Circular RNAs (circRNAs) have been documented to regulate neonatal acute kidney injury (AKI). Based on previous RNA-sequence findings, circPICALM exhibited significantly disparate expression between AKI newborns and Controls. This study aimed to provide further insights into the regulatory mechanism of circPICALM in neonatal AKI.

Methods

C57BL/6 mice born 7 days were divided into Control group and hypoxia groups (11%O2 and 8%O2 groups). Human tubule epithelial cells (HK-2) were stimulated with hypoxia/reoxygenation (H/R) to establish an AKI cell model. Through overexpression and knockdown techniques, the regulatory role of circPICALM in H/R-induced kidney injury was explored. Inflammatory cytokines, cell apoptosis, and oxidative stress were also detected to confirm the regulatory function of circPICALM in neonatal AKI.

Results

RT-qPCR confirmed that circPICALM was highly expressed in the serum of AKI newborns, neonatal I/R mice and H/R-treated HK-2 cells. Functionally, circPICALM exacerbated H/R-induced HK-2 cell injury by aggravating apoptosis and mitochondrial oxidative stress, increasing the expression of inflammatory factors, including IL-6, IL-1β, and TNF-α. Conversely, inhibition of circPICALM alleviated H/R injury in the HK-2 cell line.
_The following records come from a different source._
(* Let $\lambda>0$ and let $(B,D)$ be a random pair as in the context. If $\lambda\mathbf E[B1_{\{D=\infty\}}]<1$, $\mathbf E[\min\{B,D\}]<\infty$ and $\rho=\lambda\mathbf E[B]>1$, then the equation $z_\infty=\lambda\mathbf E[\min\{z_\infty B,D\}]$ has a unique solution $z_\infty\in(0,\infty)$.
   Context: $(B,D)$ is a random pair with values in $[0,\infty]^2$ whose law $\vartheta$ satisfies $\vartheta(\{0\}\times[0,\infty])=\vartheta([0,\infty]\times\{0\})=\vartheta(\{(\infty,\infty)\})=0$; arithmetic on $[0,\infty]$ with $x\cdot\infty=\infty$ for $x>0$. *)

theory Defs
  imports "HOL-Probability.Probability"
begin

end

(*
  Write Phi z = lam * E[min (z B, D)]. Phi is monotone, so by a Knaster-Tarski argument it has a
  fixed point in every interval [a, b] with a <= Phi a and Phi b <= b. Since
  Phi z / z = lam * E[min (B, D / z)], monotone convergence gives Phi z / z --> rho > 1 as z --> 0
  (as D > 0 a.s.) and Phi z / z --> lam * E[B 1{D = oo}] < 1 as z --> oo (the decreasing limit is
  legitimate because E[min (B, D)] < oo); this provides a and b. For uniqueness, pointwise
  z1 * min (z2 B, D) <= z2 * min (z1 B, D) for z1 < z2, with strict inequality where D < z1 B.
  At two fixed points both sides integrate to z1 z2 / lam, so min (z1 B, D) = z1 B a.s., and the
  fixed point equation for z1 then reads rho = 1.
*)

theory Submission
  imports Defs
begin

lemma mono_fixpoint_between:
  fixes f :: "real \<Rightarrow> ennreal"
  assumes mono: "mono f" and "0 \<le> a" "a \<le> b"
    and "ennreal a \<le> f a" and upper: "f b \<le> ennreal b"
  shows "\<exists>s\<in>{a..b}. f s = ennreal s"
proof -
  define S where "S = {z \<in> {a..b}. ennreal z \<le> f z}"
  define s where "s = Sup S"
  have "a \<in> S" using assms by (simp add: S_def)
  moreover have bdd: "bdd_above S" by (auto simp: S_def intro: bdd_aboveI[of _ b])
  ultimately have s_between: "a \<le> s" "s \<le> b"
    unfolding s_def by (auto intro: cSup_upper cSup_least simp: S_def)
  have fs_le_b: "f s \<le> ennreal b" using monoD[OF mono \<open>s \<le> b\<close>] upper by simp
  then obtain r where r: "f s = ennreal r" "0 \<le> r"
    by (cases "f s") (auto simp: top_unique)
  have "s \<le> r"
    unfolding s_def
  proof (rule cSup_least)
    show "S \<noteq> {}" using \<open>a \<in> S\<close> by auto
  next
    fix z assume z: "z \<in> S"
    then have "ennreal z \<le> f s"
      using monoD[OF mono cSup_upper[OF z bdd]] by (auto simp: S_def s_def)
    then show "z \<le> r" using r by (auto simp: ennreal_le_iff2)
  qed
  moreover have "r \<in> S"
  proof -
    have "r \<le> b" using fs_le_b r s_between assms by simp
    moreover have "ennreal r \<le> f r" using monoD[OF mono \<open>s \<le> r\<close>] r by simp
    ultimately show ?thesis using s_between \<open>s \<le> r\<close> by (simp add: S_def)
  qed
  then have "r \<le> s" unfolding s_def using bdd by (rule cSup_upper)
  ultimately show ?thesis using r s_between by auto
qed

lemma ennreal_mult_less_one_iff:
  assumes "0 < c"
  shows "ennreal c * x < 1 \<longleftrightarrow> x < ennreal (1 / c)"
proof -
  have "ennreal c * ennreal (1 / c) = 1"
    using assms by (simp add: ennreal_mult''[symmetric])
  then have "1 \<le> ennreal c * x \<longleftrightarrow> ennreal (1 / c) \<le> x"
    using assms ennreal_mult_le_mult_iff[of "ennreal c" "ennreal (1 / c)" x] by simp
  then show ?thesis by (metis not_le)
qed

lemma ennreal_min_rescale:
  assumes "0 < z"
  shows "min (ennreal z * x) y = ennreal z * min x (ennreal (1 / z) * y)"
proof -
  have "ennreal z * (ennreal (1 / z) * y) = y"
    using assms by (simp add: mult.assoc[symmetric] ennreal_mult''[symmetric])
  then show ?thesis by (simp add: min_of_mono[OF Rings.mono_mult, symmetric])
qed

lemma ennreal_mult_min_le:
  fixes a b :: ennreal
  assumes "0 \<le> z1" "z1 \<le> z2"
  shows "ennreal z1 * min (ennreal z2 * a) b \<le> ennreal z2 * min (ennreal z1 * a) b"
proof -
  have "ennreal z1 * min (ennreal z2 * a) b = min (ennreal z1 * ennreal z2 * a) (ennreal z1 * b)"
    by (simp add: min_of_mono[OF Rings.mono_mult, symmetric] mult.assoc)
  also have "\<dots> \<le> min (ennreal z2 * ennreal z1 * a) (ennreal z2 * b)"
    using assms by (intro min.mono mult_right_mono) (auto simp: mult.commute)
  also have "\<dots> = ennreal z2 * min (ennreal z1 * a) b"
    by (simp add: min_of_mono[OF Rings.mono_mult, symmetric] mult.assoc)
  finally show ?thesis .
qed

lemma ennreal_mult_min_less:
  fixes a b :: ennreal
  assumes "0 < z1" "z1 < z2" "b \<noteq> 0" "b < ennreal z1 * a"
  shows "ennreal z1 * min (ennreal z2 * a) b < ennreal z2 * min (ennreal z1 * a) b"
proof -
  have "ennreal z1 * min (ennreal z2 * a) b \<le> ennreal z1 * b"
    by (intro mult_left_mono) auto
  also have "\<dots> < ennreal z2 * b"
  proof (rule ennreal_mult_strict_right_mono)
    show "b < \<top>" using \<open>b < ennreal z1 * a\<close> top.not_eq_extremum by fastforce
    show "0 < b" using \<open>b \<noteq> 0\<close> by (simp add: zero_less_iff_neq_zero)
  qed (use assms in \<open>auto simp: ennreal_lessI\<close>)
  also have "\<dots> = ennreal z2 * min (ennreal z1 * a) b"
    using assms by simp
  finally show ?thesis .
qed

lemma SUP_min_of_nat_mult_ennreal:
  fixes b d :: ennreal
  assumes "d \<noteq> 0"
  shows "(SUP n. min b (of_nat n * d)) = b"
proof -
  have "(SUP n. min b (of_nat n * d)) = min b ((SUP n. of_nat n) * d)"
    using inf_SUP[of b "\<lambda>n. of_nat n * d" UNIV] by (simp add: inf_min SUP_mult_right_ennreal)
  then show ?thesis using assms by (simp add: ennreal_SUP_of_nat_eq_top)
qed

lemma INF_min_inverse_Suc_mult_ennreal:
  fixes b d :: ennreal
  shows "(INF n. min b (ennreal (1 / real (Suc n)) * d)) = (if d = \<infinity> then b else 0)"
proof -
  have "(INF n. ennreal (1 / real (Suc n)) * d) = (if d = \<infinity> then \<infinity> else 0)"
  proof (cases d)
    case (real r)
    have "(\<lambda>n. ennreal (r / real (Suc n))) \<longlonglongrightarrow> ennreal 0"
      by (intro tendsto_ennrealI LIMSEQ_Suc[OF lim_const_over_n])
    moreover have "decseq (\<lambda>n. ennreal (r / real (Suc n)))"
      using real by (auto simp: decseq_def intro!: ennreal_leI divide_left_mono)
    ultimately have "(INF n. ennreal (r / real (Suc n))) = 0"
      by (metis LIMSEQ_INF LIMSEQ_unique ennreal_0)
    then show ?thesis using real by (simp add: ennreal_mult''[symmetric])
  qed (simp add: ennreal_mult_top)
  moreover have "(INF n. min b (ennreal (1 / real (Suc n)) * d))
      = min b (INF n. ennreal (1 / real (Suc n)) * d)"
    using INF_inf_const1[of UNIV b "\<lambda>n. ennreal (1 / real (Suc n)) * d"] by (simp add: inf_min)
  ultimately show ?thesis by simp
qed

lemma nn_integral_min_mult_SUP:
  assumes [measurable]: "B \<in> borel_measurable M" "D \<in> borel_measurable M"
    and "AE x in M. D x \<noteq> 0"
  shows "(SUP n. \<integral>\<^sup>+ x. min (B x) (of_nat n * D x) \<partial>M) = (\<integral>\<^sup>+ x. B x \<partial>M)"
proof -
  have "incseq (\<lambda>n x. min (B x) (of_nat n * D x))"
    by (intro monoI le_funI min.mono order.refl mult_right_mono) auto
  then have "(SUP n. \<integral>\<^sup>+ x. min (B x) (of_nat n * D x) \<partial>M)
      = (\<integral>\<^sup>+ x. (SUP n. min (B x) (of_nat n * D x)) \<partial>M)"
    by (simp add: nn_integral_monotone_convergence_SUP)
  also have "\<dots> = (\<integral>\<^sup>+ x. B x \<partial>M)"
    using assms(3) by (intro nn_integral_cong_AE) (auto simp: SUP_min_of_nat_mult_ennreal)
  finally show ?thesis .
qed

lemma nn_integral_min_inverse_Suc_mult_INF:
  assumes [measurable]: "B \<in> borel_measurable M" "D \<in> borel_measurable M"
    and "(\<integral>\<^sup>+ x. min (B x) (D x) \<partial>M) < \<infinity>"
  shows "(INF n. \<integral>\<^sup>+ x. min (B x) (ennreal (1 / real (Suc n)) * D x) \<partial>M)
    = (\<integral>\<^sup>+ x. B x * indicator {y. D y = \<infinity>} x \<partial>M)"
proof -
  have "(INF n. \<integral>\<^sup>+ x. min (B x) (ennreal (1 / real (Suc n)) * D x) \<partial>M)
      = (\<integral>\<^sup>+ x. (INF n. min (B x) (ennreal (1 / real (Suc n)) * D x)) \<partial>M)"
    using assms(3)
    by (intro nn_integral_monotone_convergence_INF_AE'[symmetric] AE_I2
        min.mono order.refl mult_right_mono ennreal_leI frac_le) auto
  also have "\<dots> = (\<integral>\<^sup>+ x. B x * indicator {y. D y = \<infinity>} x \<partial>M)"
    unfolding INF_min_inverse_Suc_mult_ennreal
    by (intro nn_integral_cong) (simp split: split_indicator)
  finally show ?thesis .
qed

definition capped_mean :: "'a measure \<Rightarrow> ('a \<Rightarrow> ennreal) \<Rightarrow> ('a \<Rightarrow> ennreal) \<Rightarrow> real \<Rightarrow> ennreal"
  where "capped_mean M B D z = (\<integral>\<^sup>+ x. min (ennreal z * B x) (D x) \<partial>M)"

lemma mono_capped_mean: "mono (capped_mean M B D)"
  unfolding capped_mean_def
  by (intro monoI nn_integral_mono min.mono order.refl mult_right_mono ennreal_leI) auto

lemma capped_mean_rescale:
  assumes [measurable]: "B \<in> borel_measurable M" "D \<in> borel_measurable M"
    and "0 < z"
  shows "capped_mean M B D z = ennreal z * (\<integral>\<^sup>+ x. min (B x) (ennreal (1 / z) * D x) \<partial>M)"
  unfolding capped_mean_def ennreal_min_rescale[OF \<open>0 < z\<close>] by (rule nn_integral_cmult) measurable

lemma ex_small_le_capped_mean:
  assumes [measurable]: "B \<in> borel_measurable M" "D \<in> borel_measurable M"
    and "AE x in M. D x \<noteq> 0" and "1 < ennreal lam * (\<integral>\<^sup>+ x. B x \<partial>M)"
  shows "\<exists>a. 0 < a \<and> a \<le> 1 \<and> ennreal a \<le> ennreal lam * capped_mean M B D a"
proof -
  have "1 < (SUP n. ennreal lam * (\<integral>\<^sup>+ x. min (B x) (of_nat n * D x) \<partial>M))"
    using assms by (simp add: nn_integral_min_mult_SUP SUP_mult_left_ennreal[symmetric])
  then obtain n where n: "1 < ennreal lam * (\<integral>\<^sup>+ x. min (B x) (of_nat n * D x) \<partial>M)"
    by (auto simp: less_SUP_iff)
  then have "n \<noteq> 0" by (intro notI) simp
  define a where "a = 1 / real n"
  have a: "0 < a" "a \<le> 1" using \<open>n \<noteq> 0\<close> by (auto simp: a_def)
  have "ennreal a = ennreal a * 1" by simp
  also have "\<dots> \<le> ennreal a * (ennreal lam * (\<integral>\<^sup>+ x. min (B x) (of_nat n * D x) \<partial>M))"
    using n by (intro mult_left_mono) auto
  also have "\<dots> = ennreal lam * capped_mean M B D a"
    using \<open>n \<noteq> 0\<close>
    by (simp add: capped_mean_rescale a a_def mult.left_commute ennreal_of_nat_eq_real_of_nat)
  finally show ?thesis using a by blast
qed

lemma ex_large_capped_mean_le:
  assumes [measurable]: "B \<in> borel_measurable M" "D \<in> borel_measurable M"
    and "0 < lam" and "ennreal lam * (\<integral>\<^sup>+ x. B x * indicator {y. D y = \<infinity>} x \<partial>M) < 1"
    and "(\<integral>\<^sup>+ x. min (B x) (D x) \<partial>M) < \<infinity>"
  shows "\<exists>b\<ge>1. ennreal lam * capped_mean M B D b \<le> ennreal b"
proof -
  have "(INF n. \<integral>\<^sup>+ x. min (B x) (ennreal (1 / real (Suc n)) * D x) \<partial>M) < ennreal (1 / lam)"
    using assms(4)
    unfolding nn_integral_min_inverse_Suc_mult_INF[OF assms(1,2,5)]
      ennreal_mult_less_one_iff[OF \<open>0 < lam\<close>] .
  then obtain n
    where "(\<integral>\<^sup>+ x. min (B x) (ennreal (1 / real (Suc n)) * D x) \<partial>M) < ennreal (1 / lam)"
    by (auto simp: INF_less_iff)
  then have n: "ennreal lam * (\<integral>\<^sup>+ x. min (B x) (ennreal (1 / real (Suc n)) * D x) \<partial>M) \<le> 1"
    using \<open>0 < lam\<close> by (simp add: ennreal_mult_less_one_iff less_imp_le)
  define b where "b = real (Suc n)"
  have "ennreal lam * capped_mean M B D b
      = ennreal b * (ennreal lam * (\<integral>\<^sup>+ x. min (B x) (ennreal (1 / real (Suc n)) * D x) \<partial>M))"
    by (simp add: capped_mean_rescale b_def mult.left_commute)
  also have "\<dots> \<le> ennreal b"
    using mult_left_mono[OF n] by simp
  finally show ?thesis by (intro exI[of _ b]) (simp add: b_def)
qed

lemma capped_mean_fixpoint_exists:
  assumes [measurable]: "B \<in> borel_measurable M" "D \<in> borel_measurable M"
    and "AE x in M. D x \<noteq> 0" and "0 < lam"
    and "1 < ennreal lam * (\<integral>\<^sup>+ x. B x \<partial>M)"
    and "ennreal lam * (\<integral>\<^sup>+ x. B x * indicator {y. D y = \<infinity>} x \<partial>M) < 1"
    and "(\<integral>\<^sup>+ x. min (B x) (D x) \<partial>M) < \<infinity>"
  shows "\<exists>z>0. ennreal z = ennreal lam * capped_mean M B D z"
proof -
  obtain a where a: "0 < a" "a \<le> 1" "ennreal a \<le> ennreal lam * capped_mean M B D a"
    using ex_small_le_capped_mean assms by blast
  obtain b where b: "1 \<le> b" "ennreal lam * capped_mean M B D b \<le> ennreal b"
    using ex_large_capped_mean_le assms by blast
  have "mono (\<lambda>z. ennreal lam * capped_mean M B D z)"
    by (intro monoI mult_left_mono monoD[OF mono_capped_mean]) auto
  then obtain z where "z \<in> {a..b}" "ennreal lam * capped_mean M B D z = ennreal z"
    using mono_fixpoint_between[of _ a b] a b by fastforce
  then show ?thesis using \<open>0 < a\<close> by (intro exI[of _ z]) auto
qed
The interaction between circPICALM and miR-204-5p was validated through RNA immunoprecipitation and luciferase assay. Finally, circPICALM functioned as a molecular sponge of miR-204-5p and promoted the upregulation of downstream IL-1β expression.

Conclusion

CircPICALM plays a critical role in H/R-induced neonatal AKI by sponging miR-204-5p and then activating the downstream IL-1β signaling axis. The inhibition of circPICALM and subsequent suppression of pro-inflammatory factors could serve as a promising biomarker and therapeutic target for early intervention in neonatal AKI.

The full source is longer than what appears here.